The eCommerce Performance Magic Sauce
Genuine internet craftsmanship is performed by experienced UX designers, front-end developers, and information architects. The combined focus on customer experience, frontend performance, and beautiful reusable information architecture is rocket fuel for SEO, conversion and click-through rates, and reusable content services.
The differentiation is in the execution—in the details.
UX designers care about the complete customer experience. The goal is to design engaging customer journeys to enjoy the experience while informed with beautiful product information. Combining rich content and storytelling with the product information.
The UX designer’s baseline is mapping out the complete customer journeys and designing them in tools like Figma. Initially, decisions are made based on experience and best practices. Perhaps also customer feedback and user testing. However, in an iterative design process, KPIs are defined to measure the impact on the complete customer journey. So, each change is measured, and insight is created.
For example, will the checkout process of 4 steps sell more than having six steps for a given eCommerce experience? Most would assume shorter is better, but the data should tell the real story. Ryan from Netflix talked about a lengthier signup process converted better than a shorter one at our React New York conference. Don’t assume. Know.

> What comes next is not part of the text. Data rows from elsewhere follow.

text \<open>Write \<open>m = S/n\<close> for the magnetisation, so that \<open>W = n powr (1/4) * m\<close>. Given \<open>\<sigma>\<close>, the
  Glauber step flips a \<open>+1\<close> spin with probability \<open>(1 + m)/2 * (1 - tanh (m - 1/n))/2\<close> and a
  \<open>-1\<close> spin with probability \<open>(1 - m)/2 * (1 + tanh (m + 1/n))/2\<close>, so \<open>E(W - W' | \<sigma>)\<close> and
  \<open>E((W - W')^2 | \<sigma>)\<close> are explicit functions of \<open>m\<close>; conditioning further on \<open>W\<close> only decreases
  \<open>L1\<close> distances. The expansion \<open>tanh x = x - x^3/3 + O(x^5)\<close> makes the drift
  \<open>m^3/3 + O(|m|^5 + |m|/n)\<close> and the flip probability \<open>1/2 + O(m^2 + 1/n)\<close>. The moments of \<open>W\<close>
  come from stationarity of the Gibbs measure under the Glauber step: applied to \<open>S^2\<close> and \<open>S^4\<close> it
  gives \<open>E(m * drift) = O(1/n)\<close> and \<open>E(m^3 * drift) = O(E(m^2)/n)\<close>, and the lower bound
  \<open>m * drift \<ge> m^4/5 - 2/n^2\<close> turns these into \<open>E(W^4) \<le> 8\<close> and \<open>E(W^6) \<le> 340/3\<close>.\<close>

section \<open>Elementary inequalities for tanh\<close>

lemma MVT_symmetric:
  fixes f f' :: "real \<Rightarrow> real"
  assumes "\<And>z. (f has_real_derivative f' z) (at z)"
  obtains \<xi> where "\<bar>\<xi> - a\<bar> \<le> \<bar>b - a\<bar>" "f b - f a = (b - a) * f' \<xi>"
proof (cases a b rule: linorder_cases)
  case less
  with MVT2[OF less] assms that show ?thesis by force
next
  case equal
  with that show ?thesis by auto
next
  case greater
  from MVT2[OF greater] assms obtain \<xi> where "b < \<xi>" "\<xi> < a" "f a - f b = (a - b) * f' \<xi>"
    by blast
  with that[of \<xi>] show ?thesis by (simp add: algebra_simps)
qed

lemma tanh_diff_le:
  fixes a b :: real
  assumes "a \<le> b"
  shows "tanh b - tanh a \<le> b - a"
proof -
  have "a - tanh a \<le> b - tanh b"
    by (rule DERIV_nonneg_imp_nondecreasing[OF assms, of "\<lambda>x. x - tanh x"])
       (auto intro!: exI[of _ "tanh _ ^ 2"] derivative_eq_intros)
  then show ?thesis by simp
qed

lemma abs_tanh_diff_le: "\<bar>tanh a - tanh b\<bar> \<le> \<bar>a - b\<bar>" for a b :: real
  using tanh_diff_le[of a b] tanh_diff_le[of b a] by (cases "a \<le> b") auto

lemma abs_tanh_le: "\<bar>tanh x\<bar> \<le> \<bar>x\<bar>" for x :: real
  using abs_tanh_diff_le[of x 0] by simp

lemma tanh_ge_cubic:
  fixes x :: real
  assumes "0 \<le> x"
  shows "x - x^3/3 \<le> tanh x"
proof -
  have "tanh 0 - 0 + 0^3/3 \<le> tanh x - x + x^3/3"
  proof (rule DERIV_nonneg_imp_nondecreasing[OF assms])
    fix y :: real
    have "tanh y ^ 2 \<le> y ^ 2"
      using abs_tanh_le[of y] by (simp add: abs_le_square_iff)
    then show "\<exists>d. ((\<lambda>x. tanh x - x + x^3/3) has_real_derivative d) (at y) \<and> 0 \<le> d"
      by (intro exI[of _ "y^2 - tanh y ^ 2"]) (auto intro!: derivative_eq_intros)
  qed
  then show ?thesis by simp
qed

lemma tanh_le_quintic:
  fixes x :: real
  assumes "0 \<le> x" "x \<le> 1"
  shows "tanh x \<le> x - x^3/3 + 2*x^5/15"
proof -
  have "0 - 0^3/3 + 2*0^5/15 - tanh 0 \<le> x - x^3/3 + 2*x^5/15 - tanh x"
  proof (rule DERIV_nonneg_imp_nondecreasing[OF assms(1)])
    fix y :: real
    assume "0 \<le> y" "y \<le> x"
    with assms have "y^2 \<le> 1"
      by (simp add: power_le_one)
    with \<open>0 \<le> y\<close> have "y * y^2 \<le> y"
      using mult_left_mono[of "y^2" 1 y] by simp
    then have "y^3 \<le> y"
      by (simp add: power3_eq_cube power2_eq_square)
    with \<open>0 \<le> y\<close> have "0 \<le> y - y^3/3"
      by linarith
    then have "(y - y^3/3)^2 \<le> tanh y ^ 2"
      using tanh_ge_cubic[OF \<open>0 \<le> y\<close>] by (intro power_mono)
    moreover have "(y - y^3/3)^2 = y^2 - 2*y^4/3 + y^6/9"
      by (simp add: power2_eq_square power3_eq_cube power4_eq_xxxx eval_nat_numeral algebra_simps)
    moreover have "0 \<le> y^6/9"
      by simp
    ultimately have "0 \<le> tanh y ^ 2 - y^2 + 2*y^4/3"
      by linarith
    then show "\<exists>d. ((\<lambda>x. x - x^3/3 + 2*x^5/15 - tanh x) has_real_derivative d) (at y) \<and> 0 \<le> d"
      by (intro exI[of _ "tanh y ^ 2 - y^2 + 2*y^4/3"]) (auto intro!: derivative_eq_intros)
  qed
  then show ?thesis by simp
qed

User experience designers add the following to eCommerce:
- Complete customer journey mapping
- Engaging and enjoyable shopping experiences
- Data-driven metrics of success for an iterative design process
The front-end developers’ role is to work with the UX designers and the information architects to build out the shop, making them the key ingredient in the eCommerce magic sauce. The difference between excellent and mediocre front-end development is huge. Because the details matter, a simple mistake can cost a lot in terms of performance, SEO, or accessibility resulting in lower-traffic, conversion, and ultimately revenue.
The first step is to translate the user experience designed into a genuine eCommerce experience. It typically uses a modern frontend framework like React, and I assume a tailor-made approach where the real craftsmanship comes to play—not slapping some colors and tweaking a template. The result is a set of reusable components, and efficient code automatically tested during deployment for high quality.
Frontend performance and measuring site speed is in the DNA of experienced frontend developers. And automatic testing is set up to make sure nobody drops the ball. Accessibility and optimization for search engines are also executed in the front.
For iterative development, they use A/B testing by measuring the impact of each change. This is where the frontend developer works with the UX designers to roll out a new feature, let's say, an alternative checkout process. Based on insight, a change is being made, and the numbers will verify how successful the change was. Data. Not opinions.
Frontend developers add to the magic sauce:
- Focus on site speed with performance budgets
- Automatic testing for frontend performance and accessibility
- Iterative development processes for faster changes
- A/B testing execution
Information architecture is key to success in a modern headless commerce environment. You need to design the structure of your product information and rich content to be easily reusable across channels. You need the product information available for your webshop, App, in-store, Point of Sales, and even digital signage and good old printed material.
Having the product information correctly modeled, organized, and labeled builds the ground floor of an eCommerce architecture. Properly done, it can serve as a content services layer in your organization. This allows for rapid testing and innovation as you have the underlying data available in real-time. Plan and evolve.
Information architects build the foundation for eCommerce performance with:
- Information modeling
- Organizing and labeling information
- Building foundation for navigation and search
Some of these points are often attributed to content strategists, marketing managers, and eCommerce managers. However, I believe that the real magic of eCommerce success is built with successful teamwork between UX designers, information architects, and front-end developers.
That is where the magic happens and where genuine internet craftsmanship makes the difference.